- [What you will do]
Looking at the records below, state how many lines include the string "ennexp" and add nothing further.

- [Records shown]
· · · · ·

(* Let $h\ge1$ and let $\{S(t):t\geq 0\}$ be an $\mathbb{R}^h$-valued Lévy process such that $\kappa_S(\theta):=\log\mathbb{E}\left[e^{\langle\theta,S(1)\rangle}\right]$ is finite for all $\theta$ in a neighborhood of the origin. Let $\{V(t):t\geq0\}$ be a subordinator, independent of $\{S(t)\}$, such that $\kappa_V(\eta):=\log\mathbb{E}[e^{\eta V(1)}]$ is finite for $\eta$ in a neighborhood of $0\in\mathbb{R}$ and $\kappa_V'(0)>0$. Then $S\left(\frac{V(t)}{t}\right)$ converges weakly to $S(\kappa_V'(0))$ as $t\to\infty$; more precisely, $$\lim_{t\to\infty}\mathbb{E}\left[e^{\langle\theta,S\left(\frac{V(t)}{t}\right)\rangle}\right]=\mathbb{E}\left[e^{\langle\theta,S(\kappa_V'(0))\rangle}\right]=e^{\kappa_V'(0)\kappa_S(\theta)}\quad\text{for all }\theta\in\mathbb{R}^h.$$
   Context: $\langle\cdot,\cdot\rangle$ is the Euclidean inner product on $\mathbb{R}^h$; the equalities are understood in $[0,+\infty]$ (with $e^{+\infty}=+\infty$). *)

theory Defs
  imports "HOL-Probability.Probability"
begin

definition levy_process :: "'a measure \<Rightarrow> (real \<Rightarrow> 'a \<Rightarrow> 'b::euclidean_space) \<Rightarrow> bool" where
  "levy_process M X \<longleftrightarrow> prob_space M
    \<and> (\<forall>t\<ge>0. X t \<in> borel_measurable M)
    \<and> (AE \<omega> in M. X 0 \<omega> = 0)
    \<and> (\<forall>(n::nat) (t::nat \<Rightarrow> real). 0 \<le> t 0 \<and> (\<forall>i<n. t i < t (Suc i)) \<longrightarrow>
          prob_space.indep_vars M (\<lambda>_. borel) (\<lambda>i \<omega>. X (t (Suc i)) \<omega> - X (t i) \<omega>) {..<n})
    \<and> (\<forall>s t. 0 \<le> s \<and> s \<le> t \<longrightarrow>
          distr M borel (\<lambda>\<omega>. X t \<omega> - X s \<omega>) = distr M borel (X (t - s)))
    \<and> (\<forall>t\<ge>0. \<forall>e>0. ((\<lambda>s. measure M {\<omega>\<in>space M. e < dist (X s \<omega>) (X t \<omega>)}) \<longlongrightarrow> 0)
          (at t within {0..}))
    \<and> (AE \<omega> in M. \<forall>t\<ge>0. continuous (at_right t) (\<lambda>s. X s \<omega>) \<and>
          (0 < t \<longrightarrow> (\<exists>l. ((\<lambda>s. X s \<omega>) \<longlongrightarrow> l) (at_left t))))"

definition subordinator :: "'a measure \<Rightarrow> (real \<Rightarrow> 'a \<Rightarrow> real) \<Rightarrow> bool" where
  "subordinator M V \<longleftrightarrow> levy_process M V \<and> (AE \<omega> in M. mono_on {0..} (\<lambda>t. V t \<omega>))"

definition process_sigma :: "'a measure \<Rightarrow> (real \<Rightarrow> 'a \<Rightarrow> 'b::topological_space) \<Rightarrow> 'a set set" where
  "process_sigma M X = sigma_sets (space M) (\<Union>t\<in>{0..}. {X t -` A \<inter> space M | A. A \<in> sets borel})"

fun ennexp :: "ereal \<Rightarrow> ennreal" where
  "ennexp (ereal x) = ennreal (exp x)"
| "ennexp PInfty = \<infinity>"
| "ennexp MInfty = 0"

definition ennln :: "ennreal \<Rightarrow> ereal" where
  "ennln x = (if x = \<infinity> then \<infinity> else if x = 0 then -\<infinity> else ereal (ln (enn2real x)))"

end

theory Submission
  imports Defs
begin

(* For a Levy process X, the map t -> E exp <theta, X t> is multiplicative, nowhere zero and, by
   right-continuity of the paths and Fatou's lemma, lower semicontinuous at 0.  Solving this Cauchy
   equation in [0, infinity] gives E exp <theta, X t> = exp (t kappa(theta)), also when
   kappa(theta) = ln E exp <theta, X 1> is infinite.  Since S has a jointly measurable version and is
   independent of V, Fubini gives E exp <theta, S (V t / t)> = E exp (kappa_S(theta) V t / t).
   For finite c = kappa_S(theta) this is exp (t kappa_V (c / t)), which tends to exp (c kappa_V'(0))
   because kappa_V(0) = 0, and kappa_V'(0) = E V 1 by differentiation under the integral sign.
   For kappa_S(theta) = infinity both sides are infinite, since V t is not a.s. zero for t >= 1. *)

lemma ennexp_zero [simp]: "ennexp 0 = 1"
  by (simp add: zero_ereal_def)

· · · · ·

- [Reply]
5